Eagle Graphite intends to expand the size of the private placement announced on December 22, 2017 (the “Placement”). Responding to strong demand for the Placement, the Company now intends to close on gross proceeds of up to $1,600,000 through the issuance of (i) 6,666,666 flow-through units (the “FT Units”) at a price of $0.03 per FT Unit, and (ii) up to 56,000,000 units (the “Units”) at a price of $0.025 per Unit. Each FT Unit consists of one flow-through common share and one-half of one common share purchase warrant (each whole warrant a “Warrant”). Each Unit consists of one common share and one Warrant. Each Warrant entitles the holder to acquire one common share of the Company at an exercise price of $0.05 per share before expiring 60 months after closing date. All securities issued are subject to a four month hold following closing.

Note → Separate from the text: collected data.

(* Let $h_{r+1}(z)={}_2F_1(-r,r+1;2r+2;1-z)$. For each fixed $z\in(0,1)$, as $r\to\infty$, $$h_{r+1}(z)=[\rho(z)]^r\,C(z)\,\big(1+O(r^{-1})\big),$$ where $$\rho(z)=4\,\frac{(1-2z)(2-z)(1+z)+2(1-z+z^2)^{3/2}}{27(1-z)^2},\qquad C(z)=\frac{2z}{\sqrt{2(1-z+z^2)^2-(2-z)(1-2z)(1+z)\sqrt{1-z+z^2}}}.$$
   Context: $h_{r+1}(z)$ is the generating function $\sum_{k=1}^{r+1}H_{r+1}^{(k)}z^{k-1}$ of the refined alternating-sign-matrix enumeration, $H_{N}^{(k)}=\binom{N+k-2}{N-1}\binom{2N-1-k}{N-1}/\binom{3N-2}{N-1}$, equivalently ${}_2F_1(-N+1,N;2N;1-z)$ with $N=r+1$. *)

theory Defs
  imports "HOL-Analysis.Analysis" "HOL-Library.Landau_Symbols"
begin

definition hyp2F1_term :: "nat \<Rightarrow> real \<Rightarrow> real \<Rightarrow> real \<Rightarrow> real" where
  "hyp2F1_term n b c x =
     (\<Sum>k\<le>n. pochhammer (- real n) k * pochhammer b k / (pochhammer c k * fact k) * x ^ k)"

text \<open>h_{r+1}(z) = 2F1(-r, r+1; 2r+2; 1-z).\<close>
definition h :: "nat \<Rightarrow> real \<Rightarrow> real" where
  "h r z = hyp2F1_term r (real r + 1) (2 * real r + 2) (1 - z)"

definition rho :: "real \<Rightarrow> real" where
  "rho z = 4 * ((1 - 2*z) * (2 - z) * (1 + z) + 2 * (1 - z + z^2) powr (3/2)) / (27 * (1 - z)^2)"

To date the Company has closed on all of the FT Units, plus 24,640,000 Units, for aggregate gross proceeds of $816,000. The Company expects to close on any remaining Units within the next several days.
The Placement is being made subject to the grant of a discretionary waiver of the TSX Venture Exchange’s (“TSXV”) minimum $0.05 pricing requirement (the “Waiver”). With respect to the Waiver, the Company intends to conduct a share consolidation of its outstanding Common Shares on the basis of a minimum of one (1) post-consolidation Common Share for each nine (9) pre-consolidation Common Shares (the “Consolidation”). The Company will seek shareholder approval for the Consolidation at the earlier of the Company’s next annual general meeting and six months from the completion of the Placement, and will give effect to the Consolidation in as expeditious a manner as is possible after receiving requisite shareholder approval. The Company has obtained written confirmation from shareholders holding a majority of the outstanding shares (post-financing) that they will vote in favour of the Consolidation.
Net proceeds from the Placement will fund exploration work and general and administrative activities. Closing of the Placement is subject to TSXV approval.